Distribution continues to be a problem for Canadian filmmakers, though an established network of film festivals also provide important marketing and audience exposure for Canadian films. The major festival is the Toronto International Film Festival, considered one of the most important events in North American film, showcasing Hollywood films, cinema from around the world, and Canadian film. The smaller Vancouver International Film Festival features films from around the world, and festivals in Montreal, Sudbury (Cinéfest), and Halifax (Atlantic Film Festival)—among other cities—are also important opportunities for Canadian filmmakers to gain exposure among film audiences. Very often, however, a Canadian film's largest opportunity to achieve a significant audience comes from negotiating television carriage rights with a broadcaster such as CBC Television, TMN/Movie Central or Showcase.

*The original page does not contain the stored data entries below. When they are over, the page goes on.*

(* Let $V\subseteq R_d$ be a Gotzmann monomial vector space and let $V=V_0\oplus x_iV_1$ be its $x_i$-decomposition. Then $V_0$ is Gotzmann in $Q=R/(x_i)$.
   Context: Let $\Bbbk$ be a field, $R=\Bbbk[x_1,\dots,x_n]/(x_1^2,\dots,x_n^2)$, $R_d$ its degree-$d$ component. A monomial vector space is a subspace of some $R_d$ spanned by monomials; for such $V$, $\mathbf m_1V$ is the span of $\{x_jm\}$ over monomials $m\in V$ and all $j$. A subspace $V\subseteq R_d$ is Gotzmann if $|\mathbf m_1V|\le|\mathbf m_1W|$ for every subspace $W\subseteq R_d$ with $|W|=|V|$ ($|\cdot|$ denotes dimension). Fix a variable $x_i$, let $Q=R/(x_i)$ (the analogous squarefree ring in the variables other than $x_i$, with $\mathbf n_1$ the analogous operation and Gotzmann defined analogously in $Q$). The $x_i$-decomposition of a monomial vector space $V\subseteq R_d$ is $V=V_0\oplus x_iV_1$, where $V_0\subseteq Q_d$ is spanned by the monomials of $V$ not divisible by $x_i$ and $V_1\subseteq Q_{d-1}$ is spanned by the monomials $m$ with $x_im\in V$. *)

theory Defs
  imports Main "HOL.Vector_Spaces" "HOL-Library.Function_Algebras"
begin

text \<open>Squarefree algebra R = k[x_j : j in X]/(x_j^2). An element of R is a
k-valued coefficient function on finite sets of variables (squarefree monomials).\<close>

type_synonym 'k elt = "nat set \<Rightarrow> 'k"

definition fscale :: "'k::field \<Rightarrow> 'k elt \<Rightarrow> 'k elt" where
  "fscale c f = (\<lambda>S. c * f S)"

lemma vector_space_fscale: "vector_space (fscale :: 'k::field \<Rightarrow> 'k elt \<Rightarrow> 'k elt)"
  by unfold_locales (auto simp: fscale_def algebra_simps fun_eq_iff)

abbreviation kspan :: "'k::field elt set \<Rightarrow> 'k elt set" where
  "kspan \<equiv> module.span fscale"

abbreviation ksubspace :: "'k::field elt set \<Rightarrow> bool" where
  "ksubspace \<equiv> module.subspace fscale"

abbreviation kdim :: "'k::field elt set \<Rightarrow> nat" where
  "kdim \<equiv> vector_space.dim fscale"

definition Rdeg :: "nat set \<Rightarrow> nat \<Rightarrow> 'k::field elt set" where
  "Rdeg X d = {f. \<forall>S. f S \<noteq> 0 \<longrightarrow> S \<subseteq> X \<and> card S = d}"

definition mono :: "nat set \<Rightarrow> 'k::field elt" where
  "mono S = (\<lambda>T. if T = S then 1 else 0)"

text \<open>Multiplication by the variable x_j (using x_j^2 = 0).\<close>
definition mulvar :: "nat \<Rightarrow> 'k::field elt \<Rightarrow> 'k elt" where
  "mulvar j f = (\<lambda>T. if j \<in> T then f (T - {j}) else 0)"

definition m1 :: "nat set \<Rightarrow> 'k::field elt set \<Rightarrow> 'k elt set" where
  "m1 X V = kspan (\<Union>j\<in>X. mulvar j ` V)"

definition monomial_space :: "nat set \<Rightarrow> nat \<Rightarrow> 'k::field elt set \<Rightarrow> bool" where
  "monomial_space X d V \<longleftrightarrow>
     (\<exists>M. M \<subseteq> {S. S \<subseteq> X \<and> card S = d} \<and> V = kspan (mono ` M))"

definition gotzmann :: "nat set \<Rightarrow> nat \<Rightarrow> 'k::field elt set \<Rightarrow> bool" where
  "gotzmann X d V \<longleftrightarrow> ksubspace V \<and> V \<subseteq> Rdeg X d \<and>
     (\<forall>W :: 'k elt set. ksubspace W \<and> W \<subseteq> Rdeg X d \<and> kdim W = kdim V \<longrightarrow> kdim (m1 X V) \<le> kdim (m1 X W))"

definition decomp0 :: "nat \<Rightarrow> 'k::field elt set \<Rightarrow> 'k elt set" where
  "decomp0 i V = kspan (mono ` {S. i \<notin> S \<and> mono S \<in> V})"

definition decomp1 :: "nat \<Rightarrow> 'k::field elt set \<Rightarrow> 'k elt set" where
  "decomp1 i V = kspan (mono ` {S. i \<notin> S \<and> mulvar i (mono S) \<in> V})"

end

theory Submission
  imports Defs
begin

(* Order the finite sets of variables by their binary value
   binval S = (sum of 2^x over x in S). For a monomial space V = span {x_S | S in M} we have
   dim V = |M| and m_1 V = span of the monomials of the upper shadow of M. Conversely, any
   subspace W of R_d can be replaced by its family of initial (binval-largest) monomials,
   which has dim W elements and whose upper shadow consists of initial monomials of m_1 W.
   Hence a monomial space is Gotzmann iff its family M has minimal upper shadow among all
   families of d-sets of the same size (gotzmann_span_monos_iff).
   The x_i-decomposition corresponds to splitting M into its deletion M_0 (sets avoiding i)
   and its link M_1; the upper shadow of M is the disjoint union of the shadow of M_0 and
   x_i times (M_0 together with the shadow of M_1). By the Kruskal-Katona theorem for upper
   shadows, proved with Frankl's compressions, final segments of the binary order have
   minimal shadows, their shadows are again final segments, and final segments are nested.
   So if M_0 were not shadow-minimal, a final segment replacing M_0 and one replacing M_1
   would give a family of the size of M with smaller shadow (shadow_minimal_deletion). *)

text \<open>The binary value of a finite set of variables; comparing binary values is the
  (squarefree) reverse-lexicographic order used throughout.\<close>
definition binval :: "nat set \<Rightarrow> nat" where
  "binval S = (\<Sum>x\<in>S. 2 ^ x)"

lemma binval_insert: "finite A \<Longrightarrow> x \<notin> A \<Longrightarrow> binval (insert x A) = binval A + 2 ^ x"
  unfolding binval_def by simp

lemma binval_union: "finite A \<Longrightarrow> finite B \<Longrightarrow> A \<inter> B = {} \<Longrightarrow> binval (A \<union> B) = binval A + binval B"
  unfolding binval_def by (rule sum.union_disjoint)

lemma binval_mono: "finite B \<Longrightarrow> A \<subseteq> B \<Longrightarrow> binval A \<le> binval B"
  unfolding binval_def by (rule sum_mono2) auto

lemma binval_split:
  assumes "finite A"
  shows "binval A = binval (A - B) + binval (A \<inter> B)"
proof -
  have "A = (A - B) \<union> (A \<inter> B)" by blast
  then have "binval A = binval ((A - B) \<union> (A \<inter> B))" by simp
  also have "\<dots> = binval (A - B) + binval (A \<inter> B)"
    using assms by (intro binval_union) auto
  finally show ?thesis .
qed

lemma binval_bound: "finite P \<Longrightarrow> \<forall>x\<in>P. x < m \<Longrightarrow> binval P < 2 ^ m"
proof -
  assume "finite P" "\<forall>x\<in>P. x < m"
  then have "binval P \<le> (\<Sum>x\<in>{0..<m}. 2 ^ x)"
    unfolding binval_def by (intro sum_mono2) auto
  also have "\<dots> < 2 ^ m" by (simp add: sum_power2)
  finally show ?thesis .
qed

Problems in the Canadian film industry
Of all Canadian cultural industries, English-Canadian cinema has the hardest time escaping the shadow of its American counterpart. Between the marketing budgets of mainstream films, and the largely US-controlled film distribution networks, it has been nearly impossible for most distinctively Canadian films to break through to a wide audience. Although Canadian films have often received critical praise, and the National Film Board has won more Academy Awards than almost any other institution (for both their animation and documentary work), in many Canadian cities moviegoers do not even have the option of seeing such films, as they have poor distribution and are not shown at any theatres. One This Hour Has 22 Minutes sketch parodied an Atom Egoyan-like director whose films had won numerous international awards, but had never actually been released or exhibited.
Almost all Canadian films fail to make back their production costs at the box office. For example, Men With Brooms made CA$1,000,000 in its general domestic release, which by Canadian standards is fairly high. However, it was made on a budget of over CA$7,000,000. French-Canadian films, on the other hand, are often more successful—as with French-language television, the language difference makes Quebec audiences much more receptive to Canadian-produced films. In most years, the top-grossing Canadian film is a French-language film from Quebec. (See also Cinema of Quebec.) By comparison, Australian films, made in a country with a smaller population than Canada's, more frequently make their money back from the domestic market. Many do comparatively better; the best known example is Mad Max, made with the then unknown Mel Gibson, and with a budget of A$350,000, and which made A$5.6 million in its domestic release alone.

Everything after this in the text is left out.